AIM OF THE EXERCISE: Using the material below, print the line that contains "(convex hull V)", the line that contains "define Q where", and every line in between, exactly and nothing else.

THE RECORDS:
theorem lemma4p1:
  fixes d n :: nat and H :: "(nat \<Rightarrow> nat) set"
  assumes "d \<ge> 1"
    and "submonoid_of H (free_cmon n)"
    and "has_rank (gp H) d"
  shows "\<exists>H'. submonoid_of H' (free_cmon d) \<and> has_rank (gp H') d \<and> monoid_iso H H'"
proof -
  obtain I where I: "finite I" "card I \<le> d" "coords_separate I (gp H)"
    using exists_coords_separate_card_le_rank[OF _ coords_separate_gp_free_cmon] assms(2,3)
    by blast
  obtain \<sigma> where "bij_betw \<sigma> {0..<card I} I"
    using ex_bij_betw_nat_finite[OF \<open>finite I\<close>] by blast
  then have "\<sigma> ` {..<card I} = I"
    by (simp add: bij_betw_def atLeast0LessThan)
  then have inj: "inj_on (select_coords \<sigma> (card I)) (gp H)"
    using inj_on_select_coords_gp[OF assms(2), of \<sigma> "card I"] I(3) by simp
  let ?H' = "select_coords \<sigma> (card I) ` H"
  have "submonoid_of ?H' (free_cmon d)"
    using submonoid_of_select_coords[OF assms(2) I(2)] .
  moreover have "has_rank (gp ?H') d"
    using has_rank_gp_image_select_coords[OF assms(2) inj assms(3)] .
  moreover have "monoid_iso H ?H'"
    using monoid_iso_select_coords[OF inj_on_select_coords_monoid[OF assms(2) inj]] .
  ultimately show ?thesis
    by blast
qed

end
lemma borsuk_number_subset_le:
  fixes S T :: "'a::metric_space set"
  assumes "bounded T" "S \<subseteq> T" "diameter S = diameter T"
  shows "borsuk_number S \<le> borsuk_number T"
  unfolding borsuk_number_def
proof (rule Inf_greatest, clarify)
  fix Q assume Q: "finite Q" "partition_on T Q" "\<forall>A\<in>Q. diameter A < diameter T"
  define Q' where "Q' = (\<inter>) S ` Q - {{}}"
  have "partition_on S Q'"
    using partition_on_restrict[OF Q(2), of S] assms(2) by (simp add: Q'_def Int_absorb2)
  moreover have "finite Q'" using Q(1) by (simp add: Q'_def)
  moreover have "diameter A' < diameter S" if "A' \<in> Q'" for A'
  proof -
    obtain A where A: "A \<in> Q" "A' = S \<inter> A" using \<open>A' \<in> Q'\<close> by (auto simp: Q'_def)
    have "A \<subseteq> T" using Q(2) A(1) by (auto simp: partition_on_def)
    then have "bounded A" using assms(1) bounded_subset by blast
    then have "diameter A' \<le> diameter A" using A(2) by (intro diameter_subset) auto
    also have "\<dots> < diameter S" using Q(3) A(1) assms(3) by simp
    finally show ?thesis .
  qed
  ultimately have "enat (card Q') \<in>
      {enat (card P) |P. finite P \<and> partition_on S P \<and> (\<forall>X\<in>P. diameter X < diameter S)}"
    by blast
  moreover have "card Q' \<le> card Q" using Q(1) by (simp add: Q'_def card_image_minus_empty_le)
  ultimately show "Inf {enat (card P) |P. finite P \<and> partition_on S P \<and> (\<forall>X\<in>P. diameter X < diameter S)}
      \<le> enat (card Q)"
    by (intro Inf_lower2) auto
qed

lemma borsuk_number_convex_hull_le:
  fixes V :: "'a::real_normed_vector set"
  assumes "finite V"
  shows "borsuk_number (convex hull V) \<le> borsuk_number V"
  unfolding borsuk_number_def diameter_convex_hull_finite[OF assms]
proof (rule Inf_greatest, clarify)
  fix P assume P: "finite P" "partition_on V P" "\<forall>X\<in>P. diameter X < diameter V"
  let ?K = "convex hull V" and ?k = "real (card P)"
  define heavy where "heavy x X \<longleftrightarrow> (\<exists>u. (\<forall>v\<in>V. 0 \<le> u v) \<and> sum u V = 1 \<and>
      (\<Sum>v\<in>V. u v *\<^sub>R v) = x \<and> 1 / ?k \<le> sum u X)" for x X
  have "\<forall>x\<in>?K. \<exists>X. X \<in> P \<and> heavy x X"
  proof
    fix x assume "x \<in> ?K"
    then obtain u where u: "\<forall>v\<in>V. 0 \<le> u v" "sum u V = 1" "(\<Sum>v\<in>V. u v *\<^sub>R v) = x"
      unfolding convex_hull_finite[OF assms] by blast
    obtain X where "X \<in> P" "1 / ?k \<le> sum u X"
      using partition_on_obtains_heavy_part[OF assms P(2) u(2)] .
    with u show "\<exists>X. X \<in> P \<and> heavy x X" unfolding heavy_def by blast
  qed
  then obtain part where part: "\<forall>x\<in>?K. part x \<in> P \<and> heavy x (part x)"
    by (rule bchoice[THEN exE])
  define Q where "Q = (\<lambda>X. {x\<in>?K. part x = X}) ` P - {{}}"
  have "partition_on ?K Q" unfolding Q_def by (rule partition_on_fibres) (use part in blast)
  moreover have "finite Q" using P(1) by (simp add: Q_def)
  moreover have "diameter A < diameter V" if "A \<in> Q" for A
  proof -
    obtain X where X: "X \<in> P" "A = {x\<in>?K. part x = X}" "A \<noteq> {}"
      using \<open>A \<in> Q\<close> by (auto simp: Q_def)
    have "X \<subseteq> V" using P(2) X(1) by (auto simp: partition_on_def)
    have "0 < ?k" using P(1) X(1) by (auto simp: card_gt_0_iff)
    have "bounded V" using assms by (rule finite_imp_bounded)
    then have "bounded X" using \<open>X \<subseteq> V\<close> by (rule bounded_subset)
    define \<delta> where "\<delta> = diameter V - diameter X"
    have "0 < \<delta>" using P(3) X(1) by (simp add: \<delta>_def)
    have "dist x y \<le> diameter V - \<delta> * (1 / ?k)\<^sup>2" if "x \<in> A" "y \<in> A" for x y
    proof -
      have "heavy x X" "heavy y X" using that X(2) part by auto
      then obtain u w where u: "\<forall>v\<in>V. 0 \<le> u v" "sum u V = 1" "(\<Sum>v\<in>V. u v *\<^sub>R v) = x"
          "1 / ?k \<le> sum u X"
        and w: "\<forall>v\<in>V. 0 \<le> w v" "sum w V = 1" "(\<Sum>v\<in>V. w v *\<^sub>R v) = y" "1 / ?k \<le> sum w X"
        unfolding heavy_def by blast
      have "dist (\<Sum>v\<in>V. u v *\<^sub>R v) (\<Sum>v\<in>V. w v *\<^sub>R v) \<le> diameter V - \<delta> * (1 / ?k)\<^sup>2"
      proof (rule dist_convex_combinations_concentrated_le)
        show "dist v v' \<le> diameter V" if "v \<in> V" "v' \<in> V" for v v'
          using diameter_bounded_bound[OF \<open>bounded V\<close> that] .
        show "dist v v' \<le> diameter V - \<delta>" if "v \<in> X" "v' \<in> X" for v v'
          using diameter_bounded_bound[OF \<open>bounded X\<close> that] by (simp add: \<delta>_def)
      qed (use u w \<open>X \<subseteq> V\<close> \<open>0 < \<delta>\<close> in auto)
      then show ?thesis using u(3) w(3) by simp
    qed
    then have "diameter A \<le> diameter V - \<delta> * (1 / ?k)\<^sup>2"
      using X(3) by (intro diameter_le) (auto simp: dist_norm)
    also have "\<dots> < diameter V" using \<open>0 < \<delta>\<close> \<open>0 < ?k\<close> by simp
    finally show ?thesis .
  qed
  ultimately have "enat (card Q) \<in>
      {enat (card Q') |Q'. finite Q' \<and> partition_on ?K Q' \<and> (\<forall>A\<in>Q'. diameter A < diameter V)}"
    by blast
  moreover have "card Q \<le> card P" using P(1) by (simp add: Q_def card_image_minus_empty_le)
  ultimately show "Inf {enat (card Q') |Q'. finite Q' \<and> partition_on ?K Q' \<and>
      (\<forall>A\<in>Q'. diameter A < diameter V)} \<le> enat (card P)"
    by (intro Inf_lower2[of "enat (card Q)"]) auto
qed
text \<open>Truncations of \<open>log (1 + u) = -t\<close> for \<open>u = e\<^sup>-\<^sup>t - 1\<close>; differentiating uses \<open>u' = -(1 + u)\<close>.\<close>

lemma log_exp_neg_coeff:
  "(fps_X + (\<Sum>j<n. fps_const ((-1) ^ j / of_nat (Suc j)) * (fps_exp (-1) - 1) ^ Suc j)) $ n
     = (0 :: real)"
proof (cases n)
  case (Suc m)
  define u where "u = fps_exp (-1) - (1 :: real fps)"
  define L where "L = fps_X + (\<Sum>j<n. fps_const ((-1) ^ j / of_nat (Suc j)) * u ^ Suc j)"
  have u0: "(- u) $ 0 = 0"
    by (simp add: u_def)
  have du: "fps_deriv u = - (1 + u)"
    by (simp add: u_def fps_const_neg_one)
  have summand: "fps_deriv (fps_const ((-1) ^ j / of_nat (Suc j)) * u ^ Suc j) = - ((1 + u) * (- u) ^ j)"
    for j
  proof -
    have "fps_deriv (fps_const ((-1) ^ j / of_nat (Suc j)) * u ^ Suc j)
        = fps_const ((-1) ^ j / of_nat (Suc j) * of_nat (Suc j)) * fps_deriv u * u ^ j"
      by (simp only: fps_deriv_mult_const_left fps_deriv_power diff_Suc_1 mult.assoc flip: fps_const_mult)
    also have "\<dots> = (-1) ^ j * - (1 + u) * u ^ j"
      by (simp add: du fps_const_neg_one del: of_nat_Suc flip: fps_const_power)
    also have "\<dots> = - ((1 + u) * ((-1) ^ j * u ^ j))"
      by (simp only: mult_minus_left mult_minus_right mult_ac)
    finally show ?thesis
      by (simp only: power_minus [of u])
  qed
  have "fps_deriv L = 1 - (1 - (- u)) * (\<Sum>j<n. (- u) ^ j)"
    by (simp only: L_def fps_deriv_add fps_deriv_sum summand sum_negf sum_distrib_left) simp
  also have "\<dots> = (- u) ^ n"
    by (simp only: one_diff_power_eq [symmetric]) simp
  finally have "fps_deriv L $ m = ((- u) ^ n) $ m"
    by (rule arg_cong)
  also have "\<dots> = 0"
    using startsby_zero_power_prefix[OF u0, of n] Suc by simp
  finally have "L $ n = 0"
    unfolding fps_deriv_nth Suc by (simp del: of_nat_Suc)
  then show ?thesis
    by (simp only: L_def u_def)
qed simp

lemma zeta_step_iterate_nth_0: "((zeta_step ^^ n) 1) $ 0 = (-1) ^ n / of_nat (Suc n)"
proof -
  let ?u = "fps_exp (-1) - 1 :: real fps"
  have "(\<lambda>j. ((zeta_step ^^ j) 1) $ 0) = (\<lambda>j. (-1) ^ j / of_nat (Suc j))"
  proof (rule fps_power_expansion_unique)
    fix n
    have "(fps_X * ?u ^ n * (zeta_step ^^ n) 1) $ n = 0"
      by (rule fps_X_mult_power_mult_nth_self) simp
    then have "(fps_X + (\<Sum>j<n. fps_const (((zeta_step ^^ j) 1) $ 0) * ?u ^ Suc j)) $ n = 0"
      by (simp only: zeta_step_iterate_expansion)
    then show "(\<Sum>j<n. fps_const (((zeta_step ^^ j) 1) $ 0) * ?u ^ Suc j) $ n
        = (\<Sum>j<n. fps_const ((-1) ^ j / of_nat (Suc j)) * ?u ^ Suc j) $ n"
      using log_exp_neg_coeff[of n] by simp
  qed simp_all
  then show ?thesis
    by (rule fun_cong)
qed

theorem proposition3p6:
  fixes r :: nat
  assumes "r \<ge> 1"
  shows "mbp (replicate r 0) 1 = (-1) ^ r / of_nat (r + 1) \<and>
         mbp (replicate r 0) 0 = (-1) ^ (r + 1) / (of_nat r * of_nat (r + 1))"
proof
  obtain m where r: "r = Suc m"
    using assms by (cases r) auto
  show "mbp (replicate r 0) 1 = (-1) ^ r / of_nat (r + 1)"
    unfolding r mbp_replicate_zero zeta_zeros_egf_at_1 zeta_step_iterate_nth_0 by simp
  have "mbp (replicate r 0) 0 = (-1) ^ Suc m / of_nat (Suc (Suc m)) + (-1) ^ m / of_nat (Suc m)"
    unfolding r mbp_replicate_zero zeta_zeros_egf_at_0 fps_add_nth zeta_step_iterate_nth_0 ..
  also have "\<dots> = (-1) ^ (r + 1) / (of_nat r * of_nat (r + 1))"
    by (simp add: r field_simps)
  finally show "mbp (replicate r 0) 0 = (-1) ^ (r + 1) / (of_nat r * of_nat (r + 1))" .
qed

end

RESPONSE:
  shows "borsuk_number (convex hull V) \<le> borsuk_number V"
  unfolding borsuk_number_def diameter_convex_hull_finite[OF assms]
proof (rule Inf_greatest, clarify)
  fix P assume P: "finite P" "partition_on V P" "\<forall>X\<in>P. diameter X < diameter V"
  let ?K = "convex hull V" and ?k = "real (card P)"
  define heavy where "heavy x X \<longleftrightarrow> (\<exists>u. (\<forall>v\<in>V. 0 \<le> u v) \<and> sum u V = 1 \<and>
      (\<Sum>v\<in>V. u v *\<^sub>R v) = x \<and> 1 / ?k \<le> sum u X)" for x X
  have "\<forall>x\<in>?K. \<exists>X. X \<in> P \<and> heavy x X"
  proof
    fix x assume "x \<in> ?K"
    then obtain u where u: "\<forall>v\<in>V. 0 \<le> u v" "sum u V = 1" "(\<Sum>v\<in>V. u v *\<^sub>R v) = x"
      unfolding convex_hull_finite[OF assms] by blast
    obtain X where "X \<in> P" "1 / ?k \<le> sum u X"
      using partition_on_obtains_heavy_part[OF assms P(2) u(2)] .
    with u show "\<exists>X. X \<in> P \<and> heavy x X" unfolding heavy_def by blast
  qed
  then obtain part where part: "\<forall>x\<in>?K. part x \<in> P \<and> heavy x (part x)"
    by (rule bchoice[THEN exE])
  define Q where "Q = (\<lambda>X. {x\<in>?K. part x = X}) ` P - {{}}"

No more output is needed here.